--- DATA FOR THIS EXERCISE ---
(* Let $L^x,L^y>0$, let $i\neq j$ be two boxes, each box $k\in\{i,j\}$ having center $(c^x_k,c^y_k)$, side lengths $(\ell^x_k,\ell^y_k)$, area $\alpha_k>0$ and constants $lb^s_k,ub^s_k$. Let $$Q^{FLP}=\{(c_i,c_j,\ell_i,\ell_j)\in\mathbb{R}^8:\ \tfrac12\ell^s_k\le c^s_k\le L^s-\tfrac12\ell^s_k,\ lb^s_k\le\ell^s_k\le ub^s_k,\ \ell^x_k\ell^y_k\ge\alpha_k\ \ \forall s\in\{x,y\},k\in\{i,j\}\}.$$ Let $E^U$ be the set of $(c,\ell,u)$ with $(c,\ell)=(c_i,c_j,\ell_i,\ell_j)\in Q^{FLP}$, $u=(u^s_{p,q})_{s\in\{x,y\},(p,q)\in\{(i,j),(j,i)\}}\in\{0,1\}^4$ having exactly one entry equal to $1$, and $u^s_{p,q}=1\Rightarrow\mathscr{B}_p\leftarrow_s\mathscr{B}_q$. Let $E^8$ be the set of $(c,\ell,z)$ with $(c,\ell)\in Q^{FLP}$, $z=(z^s_{p,q})\in\{0,1\}^4$ not identically zero, $z^s_{i,j}+z^s_{j,i}\le1$ for each $s$, $z^s_{p,q}=1\Rightarrow\mathscr{B}_p\leftarrow_s\mathscr{B}_q$, and $z^s_{i,j}=z^s_{j,i}=0\Rightarrow(\mathscr{B}_i\not\leftarrow_s\mathscr{B}_j$ and $\mathscr{B}_j\not\leftarrow_s\mathscr{B}_i)$. Suppose $a,b\in\mathbb{R}^4$, $\delta=(\delta^s_{p,q})\in\mathbb{R}^4$ and $f\in\mathbb{R}$ are such that $a^Tc+b^T\ell+\delta^Tu\le f$ for all $(c,\ell,u)\in E^U$. If $\delta^y_{i,j}=\delta^y_{j,i}=0$ or $\delta^x_{i,j}=\delta^x_{j,i}=0$, then $a^Tc+b^T\ell+\delta^Tz\le f$ for all $(c,\ell,z)\in E^8$ (with $\delta^s_{p,q}$ multiplying $z^s_{p,q}$).
   Context: $\mathscr{B}_p\leftarrow_s\mathscr{B}_q$ means $c^s_p+\tfrac12\ell^s_p\le c^s_q-\tfrac12\ell^s_q$, and $\mathscr{B}_p\not\leftarrow_s\mathscr{B}_q$ means $c^s_p+\tfrac12\ell^s_p\ge c^s_q-\tfrac12\ell^s_q$. $E^U$ and $E^8$ are the paper's embeddings $\operatorname{Em}(Q^{FLP},D^4,U^4)$ and $\operatorname{Em}(Q^{FLP},D^8,C^8)$. In the paper $ub^s_k=\min\{\sqrt{\alpha_k\beta_k},L^s\}$, $lb^s_k=\beta_k/ub^s_k$. *)

theory Defs
  imports Complex_Main
begin

datatype axis = AX | AY

definition precedes ::
  "('k \<Rightarrow> axis \<Rightarrow> real) \<Rightarrow> ('k \<Rightarrow> axis \<Rightarrow> real) \<Rightarrow> axis \<Rightarrow> 'k \<Rightarrow> 'k \<Rightarrow> bool" where
  "precedes c l s p q \<longleftrightarrow> c p s + l p s / 2 \<le> c q s - l q s / 2"

definition not_precedes ::
  "('k \<Rightarrow> axis \<Rightarrow> real) \<Rightarrow> ('k \<Rightarrow> axis \<Rightarrow> real) \<Rightarrow> axis \<Rightarrow> 'k \<Rightarrow> 'k \<Rightarrow> bool" where
  "not_precedes c l s p q \<longleftrightarrow> c p s + l p s / 2 \<ge> c q s - l q s / 2"

text \<open>The set Q^FLP for the two boxes i, j (only the values at i and j matter).\<close>
definition in_QFLP ::
  "(axis \<Rightarrow> real) \<Rightarrow> ('k \<Rightarrow> axis \<Rightarrow> real) \<Rightarrow> ('k \<Rightarrow> axis \<Rightarrow> real) \<Rightarrow> ('k \<Rightarrow> real)
   \<Rightarrow> 'k \<Rightarrow> 'k \<Rightarrow> ('k \<Rightarrow> axis \<Rightarrow> real) \<Rightarrow> ('k \<Rightarrow> axis \<Rightarrow> real) \<Rightarrow> bool" where
  "in_QFLP L lb ub \<alpha> i j c l \<longleftrightarrow>
     (\<forall>s\<in>{AX, AY}. \<forall>k\<in>{i, j}.
        l k s / 2 \<le> c k s \<and> c k s \<le> L s - l k s / 2 \<and>
        lb k s \<le> l k s \<and> l k s \<le> ub k s) \<and>
     (\<forall>k\<in>{i, j}. l k AX * l k AY \<ge> \<alpha> k)"

definition pairs :: "'k \<Rightarrow> 'k \<Rightarrow> ('k \<times> 'k) set" where
  "pairs i j = {(i, j), (j, i)}"

definition linform ::
  "'k \<Rightarrow> 'k \<Rightarrow> ('k \<Rightarrow> axis \<Rightarrow> real) \<Rightarrow> ('k \<Rightarrow> axis \<Rightarrow> real) \<Rightarrow> (axis \<Rightarrow> 'k \<Rightarrow> 'k \<Rightarrow> real)
   \<Rightarrow> ('k \<Rightarrow> axis \<Rightarrow> real) \<Rightarrow> ('k \<Rightarrow> axis \<Rightarrow> real) \<Rightarrow> (axis \<Rightarrow> 'k \<Rightarrow> 'k \<Rightarrow> real) \<Rightarrow> real" where
  "linform i j a b \<delta> c l u =
     (\<Sum>s\<in>{AX, AY}. \<Sum>k\<in>{i, j}. a k s * c k s + b k s * l k s) +
     (\<Sum>s\<in>{AX, AY}. \<Sum>(p, q)\<in>pairs i j. \<delta> s p q * u s p q)"

definition in_EU ::
  "(axis \<Rightarrow> real) \<Rightarrow> ('k \<Rightarrow> axis \<Rightarrow> real) \<Rightarrow> ('k \<Rightarrow> axis \<Rightarrow> real) \<Rightarrow> ('k \<Rightarrow> real)
   \<Rightarrow> 'k \<Rightarrow> 'k \<Rightarrow> ('k \<Rightarrow> axis \<Rightarrow> real) \<Rightarrow> ('k \<Rightarrow> axis \<Rightarrow> real) \<Rightarrow> (axis \<Rightarrow> 'k \<Rightarrow> 'k \<Rightarrow> real) \<Rightarrow> bool" where
  "in_EU L lb ub \<alpha> i j c l u \<longleftrightarrow>
     in_QFLP L lb ub \<alpha> i j c l \<and>
     (\<forall>s\<in>{AX, AY}. \<forall>(p, q)\<in>pairs i j. u s p q \<in> {0, 1}) \<and>
     card {(s, p, q). s \<in> {AX, AY} \<and> (p, q) \<in> pairs i j \<and> u s p q = 1} = 1 \<and>
     (\<forall>s\<in>{AX, AY}. \<forall>(p, q)\<in>pairs i j. u s p q = 1 \<longrightarrow> precedes c l s p q)"

definition in_E8 ::
  "(axis \<Rightarrow> real) \<Rightarrow> ('k \<Rightarrow> axis \<Rightarrow> real) \<Rightarrow> ('k \<Rightarrow> axis \<Rightarrow> real) \<Rightarrow> ('k \<Rightarrow> real)
   \<Rightarrow> 'k \<Rightarrow> 'k \<Rightarrow> ('k \<Rightarrow> axis \<Rightarrow> real) \<Rightarrow> ('k \<Rightarrow> axis \<Rightarrow> real) \<Rightarrow> (axis \<Rightarrow> 'k \<Rightarrow> 'k \<Rightarrow> real) \<Rightarrow> bool" where
  "in_E8 L lb ub \<alpha> i j c l z \<longleftrightarrow>
     in_QFLP L lb ub \<alpha> i j c l \<and>
     (\<forall>s\<in>{AX, AY}. \<forall>(p, q)\<in>pairs i j. z s p q \<in> {0, 1}) \<and>
     (\<exists>s\<in>{AX, AY}. \<exists>(p, q)\<in>pairs i j. z s p q \<noteq> 0) \<and>
     (\<forall>s\<in>{AX, AY}. z s i j + z s j i \<le> 1) \<and>
     (\<forall>s\<in>{AX, AY}. \<forall>(p, q)\<in>pairs i j. z s p q = 1 \<longrightarrow> precedes c l s p q) \<and>
     (\<forall>s\<in>{AX, AY}. z s i j = 0 \<and> z s j i = 0 \<longrightarrow>
        not_precedes c l s i j \<and> not_precedes c l s j i)"

end

theory Submission
  imports Defs
begin

text \<open>If \<delta> vanishes on the axis T, a point of E^8 has an axis S carrying a 1 of z such that the
  z-entries off S contribute nothing to the objective: S is the other axis if its z-entries are
  not both 0, and T otherwise. Keeping only the S-entries of z (exactly one of which is 1) then
  gives a point of E^U with the same objective value.\<close>

definition restrict_axis :: "axis \<Rightarrow> (axis \<Rightarrow> 'k \<Rightarrow> 'k \<Rightarrow> real) \<Rightarrow> axis \<Rightarrow> 'k \<Rightarrow> 'k \<Rightarrow> real" where
  "restrict_axis S z = (\<lambda>s p q. if s = S then z s p q else 0)"

lemma linform_cong_weighted:
  assumes "\<And>s. \<delta> s i j * u s i j = \<delta> s i j * v s i j"
    and "\<And>s. \<delta> s j i * u s j i = \<delta> s j i * v s j i"
  shows "linform i j a b \<delta> c l u = linform i j a b \<delta> c l v"
proof -
  have "(\<Sum>(p, q)\<in>pairs i j. \<delta> s p q * u s p q) = (\<Sum>(p, q)\<in>pairs i j. \<delta> s p q * v s p q)" for s
    by (rule sum.cong) (auto simp: pairs_def assms)
  then show ?thesis by (simp add: linform_def)
qed

lemma in_E8_binary:
  assumes "in_E8 L lb ub \<alpha> i j c l z"
  shows "z s i j \<in> {0, 1}" and "z s j i \<in> {0, 1}"
  using assms by (cases s; simp add: in_E8_def pairs_def)+

lemma in_E8_restrict_axis_in_EU:
  assumes ij: "i \<noteq> j" and E: "in_E8 L lb ub \<alpha> i j c l z"
    and active: "z S i j = 1 \<or> z S j i = 1"
  shows "in_EU L lb ub \<alpha> i j c l (restrict_axis S z)"
proof -
  let ?ones = "{(s, p, q). s \<in> {AX, AY} \<and> (p, q) \<in> pairs i j \<and> restrict_axis S z s p q = 1}"
  have at_most_one: "z S i j + z S j i \<le> 1"
    using E by (cases S) (auto simp: in_E8_def)
  have "?ones = {(S, i, j)} \<or> ?ones = {(S, j, i)}"
    using active at_most_one in_E8_binary[OF E, of S] ij
    by (cases S) (auto simp: restrict_axis_def pairs_def)
  then have "card ?ones = 1" by auto
  moreover have "\<forall>s\<in>{AX, AY}. \<forall>(p, q)\<in>pairs i j. restrict_axis S z s p q \<in> {0, 1}"
    using in_E8_binary[OF E] by (auto simp: restrict_axis_def pairs_def)
  moreover have "\<forall>s\<in>{AX, AY}. \<forall>(p, q)\<in>pairs i j.
      restrict_axis S z s p q = 1 \<longrightarrow> precedes c l s p q"
    using E by (auto simp: in_E8_def restrict_axis_def)
  moreover have "in_QFLP L lb ub \<alpha> i j c l"
    using E by (simp add: in_E8_def)
  ultimately show ?thesis
    unfolding in_EU_def by blast
qed

lemma in_E8_active_axis:
  assumes E: "in_E8 L lb ub \<alpha> i j c l z"
    and silent_T: "\<delta> T i j = 0 \<and> \<delta> T j i = 0"
  obtains S where "z S i j = 1 \<or> z S j i = 1"
    and "\<And>s. s \<noteq> S \<Longrightarrow> \<delta> s i j * z s i j = 0 \<and> \<delta> s j i * z s j i = 0"
proof -
  obtain S where axes: "\<And>s. s = S \<or> s = T"
    by (cases T) (metis axis.exhaust)+
  have "\<exists>s\<in>{AX, AY}. \<exists>(p, q)\<in>pairs i j. z s p q \<noteq> 0"
    using E by (simp add: in_E8_def)
  then obtain s where "z s i j \<noteq> 0 \<or> z s j i \<noteq> 0"
    by (auto simp: pairs_def)
  then have nonzero: "z S i j \<noteq> 0 \<or> z S j i \<noteq> 0 \<or> z T i j \<noteq> 0 \<or> z T j i \<noteq> 0"
    using axes[of s] by blast
  show ?thesis
  proof (cases "z S i j = 1 \<or> z S j i = 1")
    case True
    moreover have "\<delta> s i j * z s i j = 0 \<and> \<delta> s j i * z s j i = 0" if "s \<noteq> S" for s
      using axes[of s] that silent_T by auto
    ultimately show ?thesis using that by blast
  next
    case False
    then have S_zero: "z S i j = 0 \<and> z S j i = 0"
      using in_E8_binary[OF E, of S] by auto
    then have "z T i j = 1 \<or> z T j i = 1"
      using nonzero in_E8_binary[OF E, of T] by auto
    moreover have "\<delta> s i j * z s i j = 0 \<and> \<delta> s j i * z s j i = 0" if "s \<noteq> T" for s
      using axes[of s] that S_zero by auto
    ultimately show ?thesis using that by blast
  qed
qed

theorem proposition6p2:
  fixes L :: "axis \<Rightarrow> real"
    and lb ub :: "'k \<Rightarrow> axis \<Rightarrow> real"
    and \<alpha> :: "'k \<Rightarrow> real"
    and i j :: 'k
    and a b :: "'k \<Rightarrow> axis \<Rightarrow> real"
    and \<delta> :: "axis \<Rightarrow> 'k \<Rightarrow> 'k \<Rightarrow> real"
    and f :: real
  assumes "L AX > 0" and "L AY > 0"
    and "i \<noteq> j"
    and "\<alpha> i > 0" and "\<alpha> j > 0"
    and valid: "\<And>c l u. in_EU L lb ub \<alpha> i j c l u \<Longrightarrow> linform i j a b \<delta> c l u \<le> f"
    and zero: "(\<delta> AY i j = 0 \<and> \<delta> AY j i = 0) \<or> (\<delta> AX i j = 0 \<and> \<delta> AX j i = 0)"
  shows "\<forall>c l z. in_E8 L lb ub \<alpha> i j c l z \<longrightarrow> linform i j a b \<delta> c l z \<le> f"
proof (intro allI impI)
  fix c l z assume E: "in_E8 L lb ub \<alpha> i j c l z"
  obtain T where "\<delta> T i j = 0 \<and> \<delta> T j i = 0" using zero by blast
  then obtain S where active: "z S i j = 1 \<or> z S j i = 1"
    and silent: "\<And>s. s \<noteq> S \<Longrightarrow> \<delta> s i j * z s i j = 0 \<and> \<delta> s j i * z s j i = 0"
    using in_E8_active_axis[OF E] by blast
  have "linform i j a b \<delta> c l z = linform i j a b \<delta> c l (restrict_axis S z)"
    by (rule linform_cong_weighted) (metis restrict_axis_def mult_zero_right silent)+
  also have "\<dots> \<le> f"
    using valid in_E8_restrict_axis_in_EU[OF \<open>i \<noteq> j\<close> E active] by blast
  finally show "linform i j a b \<delta> c l z \<le> f" .
qed

end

--- TASK DIRECTIONS ---
Copy every line above in which the string "boxes" shows up.

--- OUTPUT OF THE EXERCISE ---
(* Let $L^x,L^y>0$, let $i\neq j$ be two boxes, each box $k\in\{i,j\}$ having center $(c^x_k,c^y_k)$, side lengths $(\ell^x_k,\ell^y_k)$, area $\alpha_k>0$ and constants $lb^s_k,ub^s_k$. Let $$Q^{FLP}=\{(c_i,c_j,\ell_i,\ell_j)\in\mathbb{R}^8:\ \tfrac12\ell^s_k\le c^s_k\le L^s-\tfrac12\ell^s_k,\ lb^s_k\le\ell^s_k\le ub^s_k,\ \ell^x_k\ell^y_k\ge\alpha_k\ \ \forall s\in\{x,y\},k\in\{i,j\}\}.$$ Let $E^U$ be the set of $(c,\ell,u)$ with $(c,\ell)=(c_i,c_j,\ell_i,\ell_j)\in Q^{FLP}$, $u=(u^s_{p,q})_{s\in\{x,y\},(p,q)\in\{(i,j),(j,i)\}}\in\{0,1\}^4$ having exactly one entry equal to $1$, and $u^s_{p,q}=1\Rightarrow\mathscr{B}_p\leftarrow_s\mathscr{B}_q$. Let $E^8$ be the set of $(c,\ell,z)$ with $(c,\ell)\in Q^{FLP}$, $z=(z^s_{p,q})\in\{0,1\}^4$ not identically zero, $z^s_{i,j}+z^s_{j,i}\le1$ for each $s$, $z^s_{p,q}=1\Rightarrow\mathscr{B}_p\leftarrow_s\mathscr{B}_q$, and $z^s_{i,j}=z^s_{j,i}=0\Rightarrow(\mathscr{B}_i\not\leftarrow_s\mathscr{B}_j$ and $\mathscr{B}_j\not\leftarrow_s\mathscr{B}_i)$. Suppose $a,b\in\mathbb{R}^4$, $\delta=(\delta^s_{p,q})\in\mathbb{R}^4$ and $f\in\mathbb{R}$ are such that $a^Tc+b^T\ell+\delta^Tu\le f$ for all $(c,\ell,u)\in E^U$. If $\delta^y_{i,j}=\delta^y_{j,i}=0$ or $\delta^x_{i,j}=\delta^x_{j,i}=0$, then $a^Tc+b^T\ell+\delta^Tz\le f$ for all $(c,\ell,z)\in E^8$ (with $\delta^s_{p,q}$ multiplying $z^s_{p,q}$).
text \<open>The set Q^FLP for the two boxes i, j (only the values at i and j matter).\<close>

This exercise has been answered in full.